PerPETuate plans to offer its clients the opportunity to transform these ‘frozen cells’ into clones of their furry friends when the technology becomes more reliable and less expensive. In the meantime, several of its customers have had their dogs’ cells sent to South Korea, the de facto capital of canine cloning. Sooam, BioArts’s former partner, continues to crank out dog doubles, as does RNL Bio, another South Korean cloning company.31 But few people can afford to shell out £75,000 for a Korean clone, and Gillespie says the price will have to drop considerably (to £5000 or less) before he adds cloning to PerPETuate’s list of services.

Still, animal lovers keep sending in DNA samples, eagerly awaiting the day when they’ll be able to order a clone. When we spoke, in fact, Gillespie had just received a call from a woman in Florida who had a rat – he emphasized this word when he told me the story: ‘a rat’, he said – that she wanted to preserve. Sadly, the rodent, dead by the time its owner had called PerPETuate, no longer had viable cells. The owner insisted the tissue be stored anyway, Gillespie said, ‘because it gives her hope’. As PerPETuate’s website reassures potential customers: ‘There is almost no fee that would be too much to ensure the possibility of replacing your beloved pet with a twin sometime in the future.’ After all, you can’t put a price on love. (But if you had to, it would be somewhere in the region of £800, plus a yearly storage fee. All major credit cards accepted.)

Despite the visions of mini-Milos scampering around in my head, I don’t think I’ll be sending my dog’s cells to PerPETuate anytime soon. Cloning simply wouldn’t give me another dog exactly like Milo, and even if it could, I wouldn’t want one. When Milo’s gone, I’ll want to start over with an unrelated dog, free of expectations and unencumbered by constant comparisons between the old dog and the new.

But if we understand cloning’s limitations – and researchers figure out how to create healthy, thriving clones with less collateral damage – I don’t begrudge pet owners the right to make their own choices. We all have different values when it comes to caring for animals, and our bonds with our pets are full of emotion. Must grieving dog owners have a logical reason for wanting Rover’s DNA to live on? Making pets in a lab is not strictly ‘necessary’, but when our shelters are jammed full of unwanted canines, most dog breeding is unnecessary, too. Is one method of creating new animals really more abhorrent than the other?

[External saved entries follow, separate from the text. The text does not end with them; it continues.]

(* Let $\mathcal{C}$ be a finite or countable alphabet with letter probabilities $(p_\alpha)_{\alpha\in\mathcal{C}}$, $0<p_\alpha<1$, $\sum_\alpha p_\alpha=1$, and let $\mathbb{P}$ be the product measure with these identically distributed marginals. There exists a sequence $A(k)$ with $\lim_{k\to\infty}A(k)=0$ such that $a_k\ge m_2^{k+1}/(1-m_2)-A(k)$ for all positive integers $k$. Furthermore: (a) if $m_2\le 1/2$, then $m_2^k>a_k$ for all $k\in\mathbb{N}$; (b) if $m_2>1/2$, then (1) $a_1<m_2$, and (2) there exists $k_0>0$ such that $a_k>m_2^k$ for all $k>k_0$.
   Context: $\mathbb{P}(x_1^n)=\prod_{i=1}^n p_{x_i}$; $x_a^b=(x_a,\dots,x_b)$. For $1\le j\le n-1$, $R_n(j)=\{x_1^n\in\mathcal{C}^n: x_1^j=x_{n-j+1}^n\}$; unions over empty index ranges are empty. $m_q=\sum_\alpha p_\alpha^q$, and $a_k=\sum_{i=k+1}^{\infty}\mathbb{P}\Big(R_{2i}(i)\setminus\bigcup_{j=k}^{i-1}R_{2i}(j)\Big)$. *)

theory Defs
  imports "HOL-Analysis.Analysis"
begin

definition wprob :: "('a \<Rightarrow> real) \<Rightarrow> 'a list set \<Rightarrow> real" where
  "wprob p S = infsum (\<lambda>xs. prod_list (map p xs)) S"

definition Rset :: "nat \<Rightarrow> nat \<Rightarrow> 'a list set" where
  "Rset n j = {xs. length xs = n \<and> take j xs = drop (n - j) xs}"

definition moment :: "('a \<Rightarrow> real) \<Rightarrow> nat \<Rightarrow> real" where
  "moment p q = infsum (\<lambda>a. p a ^ q) UNIV"

definition a_seq :: "('a \<Rightarrow> real) \<Rightarrow> nat \<Rightarrow> real" where
  "a_seq p k = infsum (\<lambda>i. wprob p (Rset (2*i) i - (\<Union>j\<in>{k..<i}. Rset (2*i) j))) {k<..}"

end

theory Submission
  imports Defs
begin

text \<open>The set \<open>R\<^sub>2\<^sub>i(i)\<close> consists of the squares \<open>w w\<close> with \<open>|w| = i\<close>, and \<open>w w\<close> has a border
  of length \<open>j < i\<close> exactly when \<open>w\<close> has. Hence \<open>a\<^sub>k = \<Sum>\<^sub>i\<^sub>>\<^sub>k \<mu>(U\<^sub>k(i))\<close>, where \<open>\<mu>\<close> is the
  product measure with letter weights \<open>p\<^sub>\<alpha>\<^sup>2\<close> (so words of length \<open>i\<close> have total mass \<open>m\<^sub>2\<^sup>i\<close>)
  and \<open>U\<^sub>k(i)\<close> (\<open>unbordered k i\<close>) is the set of words of length \<open>i\<close> without a border of length in \<open>[k, i)\<close>.
  Constant words have such borders, so \<open>a\<^sub>k < m\<^sub>2\<^sup>k\<^sup>+\<^sup>1 / (1 - m\<^sub>2)\<close>, which gives (a).
  A word with a border of length \<open>j\<close> is determined by its first \<open>i - j\<close> letters, so
  \<open>\<mu>(R\<^sub>i(j)) \<le> M\<^sup>j m\<^sub>2\<^sup>i\<^sup>-\<^sup>j\<close> with \<open>M = max p\<^sub>\<alpha>\<^sup>2 < m\<^sub>2\<close>; summing over \<open>j\<close> and \<open>i\<close> gives
  \<open>a\<^sub>k \<ge> m\<^sub>2\<^sup>k\<^sup>+\<^sup>1 / (1 - m\<^sub>2) \<cdot> (1 - r\<^sup>k / (1 - r))\<close> with \<open>r = M / m\<^sub>2\<close>, which yields the limit statement
  and (b)(2). For (b)(1), the words \<open>\<alpha> v \<alpha>\<close> of length \<open>i\<close> have mass \<open>m\<^sub>4 m\<^sub>2\<^sup>i\<^sup>-\<^sup>2\<close>, and
  \<open>2 m\<^sub>2\<^sup>2 < m\<^sub>2 + m\<^sub>4\<close>.\<close>

lemma has_sum_product_nonneg:
  fixes f :: "'a \<Rightarrow> real" and g :: "'b \<Rightarrow> real"
  assumes f: "(f has_sum a) A" and g: "(g has_sum b) B"
    and f_nonneg: "\<And>x. x \<in> A \<Longrightarrow> 0 \<le> f x" and g_nonneg: "\<And>y. y \<in> B \<Longrightarrow> 0 \<le> g y"
  shows "((\<lambda>(x, y). f x * g y) has_sum a * b) (A \<times> B)"
proof -
  have rows: "((\<lambda>y. f x * g y) has_sum f x * b) B" for x
    using g by (rule has_sum_cmult_right)
  have "((\<lambda>x. f x * b) has_sum a * b) A"
    using f by (rule has_sum_cmult_left)
  moreover have "(\<lambda>(x, y). f x * g y) summable_on A \<times> B"
    using rows calculation f_nonneg g_nonneg
    by (intro summable_on_SigmaI[where g = "\<lambda>x. f x * b"]) (auto dest: has_sum_imp_summable)
  ultimately show ?thesis
    using rows by (intro has_sum_SigmaI[where g = "\<lambda>x. f x * b"]) auto
qed

lemma has_sum_geometric_atLeast:
  fixes x :: real
  assumes "0 \<le> x" "x < 1"
  shows "((\<lambda>i. x ^ i) has_sum x ^ k / (1 - x)) {k..}"
proof -
  have "((\<lambda>n. x ^ n) has_sum 1 / (1 - x)) UNIV"
    using assms geometric_sums[of x] summable_geometric[of x]
    by (intro norm_summable_imp_has_sum) (auto simp: norm_power)
  from has_sum_cmult_right[OF this, of "x ^ k"]
  have "((\<lambda>n. x ^ k * x ^ n) has_sum x ^ k / (1 - x)) UNIV"
    by simp
  moreover have "((\<lambda>i. x ^ i) has_sum x ^ k / (1 - x)) {k..}
      \<longleftrightarrow> ((\<lambda>n. x ^ k * x ^ n) has_sum x ^ k / (1 - x)) UNIV"
    by (rule has_sum_reindex_bij_witness[where i = "\<lambda>n. n + k" and j = "\<lambda>i. i - k"])
       (auto simp flip: power_add)
  ultimately show ?thesis
    by simp
qed

definition word_weight :: "('a \<Rightarrow> real) \<Rightarrow> 'a list \<Rightarrow> real" where
  "word_weight q w = prod_list (map q w)"

definition words :: "nat \<Rightarrow> 'a list set" where
  "words n = {xs. length xs = n}"

definition unbordered :: "nat \<Rightarrow> nat \<Rightarrow> 'a list set" where
  "unbordered k i = words i - (\<Union>j\<in>{k..<i}. Rset i j)"

lemma word_weight_Nil [simp]: "word_weight q [] = 1"
  and word_weight_Cons [simp]: "word_weight q (a # w) = q a * word_weight q w"
  and word_weight_append [simp]: "word_weight q (u @ v) = word_weight q u * word_weight q v"
  by (simp_all add: word_weight_def)

lemma word_weight_nonneg: "(\<And>a. 0 \<le> q a) \<Longrightarrow> 0 \<le> word_weight q w"
  by (induction w) auto

lemma word_weight_le_power:
  assumes "\<And>a. 0 \<le> q a" "\<And>a. q a \<le> M"
  shows "word_weight q w \<le> M ^ length w"
proof (induction w)
  case (Cons a w)
  have "q a * word_weight q w \<le> M * M ^ length w"
    using Cons assms word_weight_nonneg[of q w] by (intro mult_mono) (auto intro: order_trans)
  then show ?case by simp
qed simp

lemma word_weight_replicate: "word_weight q (replicate n a) = q a ^ n"
  by (induction n) auto

lemma word_weight_power: "word_weight (\<lambda>a. q a ^ n) w = word_weight q w ^ n"
  by (induction w) (auto simp: power_mult_distrib)

lemma words_Suc: "words (Suc n) = (\<lambda>(a, v). a # v) ` (UNIV \<times> words n)"
  unfolding words_def by (auto simp: length_Suc_conv image_iff)

lemma Rset_subset_words: "Rset i j \<subseteq> words i"
  by (auto simp: Rset_def words_def)

lemma UN_Rset_subset_words: "(\<Union>j\<in>J. Rset i j) \<subseteq> words i"
  using Rset_subset_words by blast

lemma Rset_nth_period:
  assumes "xs \<in> Rset i j" "j < i" "i - j \<le> t" "t < i"
  shows "xs ! t = xs ! (t - (i - j))"
proof -
  have "length xs = i" "take j xs = drop (i - j) xs"
    using assms(1) by (auto simp: Rset_def)
  then have "xs ! t = take j xs ! (t - (i - j))"
    using assms by simp
  then show ?thesis
    using assms by simp
qed

lemma inj_on_take_Rset:
  assumes "j < i"
  shows "inj_on (take (i - j)) (Rset i j)"
proof
  fix x y :: "'a list" assume x: "x \<in> Rset i j" and y: "y \<in> Rset i j"
    and prefix: "take (i - j) x = take (i - j) y"
  have "x ! t = y ! t" if "t < i" for t
    using that
  proof (induction t rule: less_induct)
    case (less t)
    show ?case
    proof (cases "t < i - j")
      case True
      then show ?thesis
        using arg_cong[OF prefix, of "\<lambda>xs. xs ! t"] by simp
    next
      case False
      then have "t - (i - j) < t"
        using assms by linarith
      have "x ! t = x ! (t - (i - j))"
        using False less.prems by (intro Rset_nth_period[OF x assms]) auto
      also have "\<dots> = y ! (t - (i - j))"
        using less.IH \<open>t - (i - j) < t\<close> less.prems by simp
      also have "\<dots> = y ! t"
        using False less.prems by (intro Rset_nth_period[OF y assms, symmetric]) auto
      finally show ?thesis .
    qed
  qed
  moreover have "length x = i" "length y = i"
    using x y by (auto simp: Rset_def)
  ultimately show "x = y"
    by (intro nth_equalityI) auto
qed

lemma Rset_double: "Rset (2 * i) i = (\<lambda>w. w @ w) ` words i"
proof (intro equalityI subsetI)
  fix xs :: "'a list" assume "xs \<in> Rset (2 * i) i"
  then have "length xs = 2 * i" "xs = take i xs @ take i xs"
    by (auto simp: Rset_def) (metis append_take_drop_id)
  then show "xs \<in> (\<lambda>w. w @ w) ` words i"
    by (auto simp: words_def image_iff intro!: exI[of _ "take i xs"])
qed (auto simp: words_def Rset_def)

lemma double_mem_Rset_iff:
  "j < i \<Longrightarrow> length w = i \<Longrightarrow> w @ w \<in> Rset (2 * i) j \<longleftrightarrow> w \<in> Rset i j"
  by (auto simp: Rset_def)

lemma inj_double: "inj (\<lambda>w :: 'a list. w @ w)"
proof (rule injI)
  fix x y :: "'a list" assume "x @ x = y @ y"
  moreover from this have "length x = length y"
    by (metis length_append mult_2 nonzero_mult_div_cancel_left zero_neq_numeral)
  ultimately show "x = y"
    by simp
qed

lemma wprob_double: "wprob p ((\<lambda>w. w @ w) ` S) = infsum (word_weight (\<lambda>a. p a ^ 2)) S"
proof -
  have "prod_list (map p (w @ w)) = word_weight (\<lambda>a. p a ^ 2) w" for w
    unfolding word_weight_power by (simp add: word_weight_def power2_eq_square)
  then show ?thesis
    unfolding wprob_def by (subst infsum_reindex) (auto intro: inj_on_subset[OF inj_double] simp: o_def)
qed

lemma a_seq_eq_unbordered:
  "a_seq p k = infsum (\<lambda>i. infsum (word_weight (\<lambda>a. p a ^ 2)) (unbordered k i)) {k<..}"
proof -
  have "w @ w \<in> (\<Union>j\<in>{k..<i}. Rset (2 * i) j) \<longleftrightarrow> w \<in> (\<Union>j\<in>{k..<i}. Rset i j)"
    if "w \<in> words i" for w :: "'a list" and i
    using that by (simp add: words_def double_mem_Rset_iff)
  then have "Rset (2 * i) i - (\<Union>j\<in>{k..<i}. Rset (2 * i) j)
      = (\<lambda>w. w @ w) ` (unbordered k i :: 'a list set)" for i
    unfolding unbordered_def Rset_double by blast
  then show ?thesis
    unfolding a_seq_def by (simp add: wprob_double)
qed

locale letter_weights =
  fixes q :: "'a \<Rightarrow> real" and m :: real
  assumes weight_nonneg: "\<And>a. 0 \<le> q a"
    and weight_has_sum: "(q has_sum m) UNIV"
begin

abbreviation mass :: "'a list set \<Rightarrow> real" where
  "mass S \<equiv> infsum (word_weight q) S"

lemma has_sum_words: "(word_weight q has_sum m ^ n) (words n)"
proof (induction n)
  case 0
  have "words 0 = {[] :: 'a list}"
    by (auto simp: words_def)
  then show ?case
    using has_sum_finite[of "{[]}" "word_weight q"] by simp
next
  case (Suc n)
  have inj: "inj_on (\<lambda>(a, v). a # v) (UNIV \<times> words n)"
    by (auto simp: inj_on_def)
  have weight: "word_weight q \<circ> (\<lambda>(a, v). a # v) = (\<lambda>(a, v). q a * word_weight q v)"
    by (auto simp: fun_eq_iff)
  have "((\<lambda>(a, v). q a * word_weight q v) has_sum m * m ^ n) (UNIV \<times> words n)"
    using weight_has_sum Suc weight_nonneg word_weight_nonneg[OF weight_nonneg]
    by (intro has_sum_product_nonneg) auto
  then show ?case
    unfolding words_Suc has_sum_reindex[OF inj] weight by simp
qed

lemma summable_on_subset_words: "S \<subseteq> words n \<Longrightarrow> word_weight q summable_on S"
  by (rule summable_on_subset_banach[OF has_sum_imp_summable[OF has_sum_words]])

I hope cloning outcomes improve, because we have more to gain from the technology than a few doubles of dead pets. Westhusin, for instance, cloned a bull that had natural resistance to brucellosis, a common cattle disease. Lurking somewhere out there in the wider world may be cows that are resistant to mad cow disease or chickens that are immune to avian influenza. Cloning these genetic freaks could lead to populations of farm animals that are healthier themselves – and safer for us. We might be able to use the same approach to create healthier pets. Imagine starting a new breeding population of Labrador retrievers with clones of dogs that are free of the hip problems that often plague these canines.

Then there are the wildlife biologists who have been racking their brains for ways to boost the populations of endangered species. Zoos have been running breeding programmes for decades, but captivity makes it difficult for many animals to get in the mood. The work is arduous and the results inconsistent. So wildlife breeding specialists have taken note of the reproductive technology that’s revolutionizing livestock breeding. They have paid close attention as scientists learned to make DNA doubles of sheep, cows, cats and dogs. And they have decided to borrow the technique to help threatened critters make a comeback.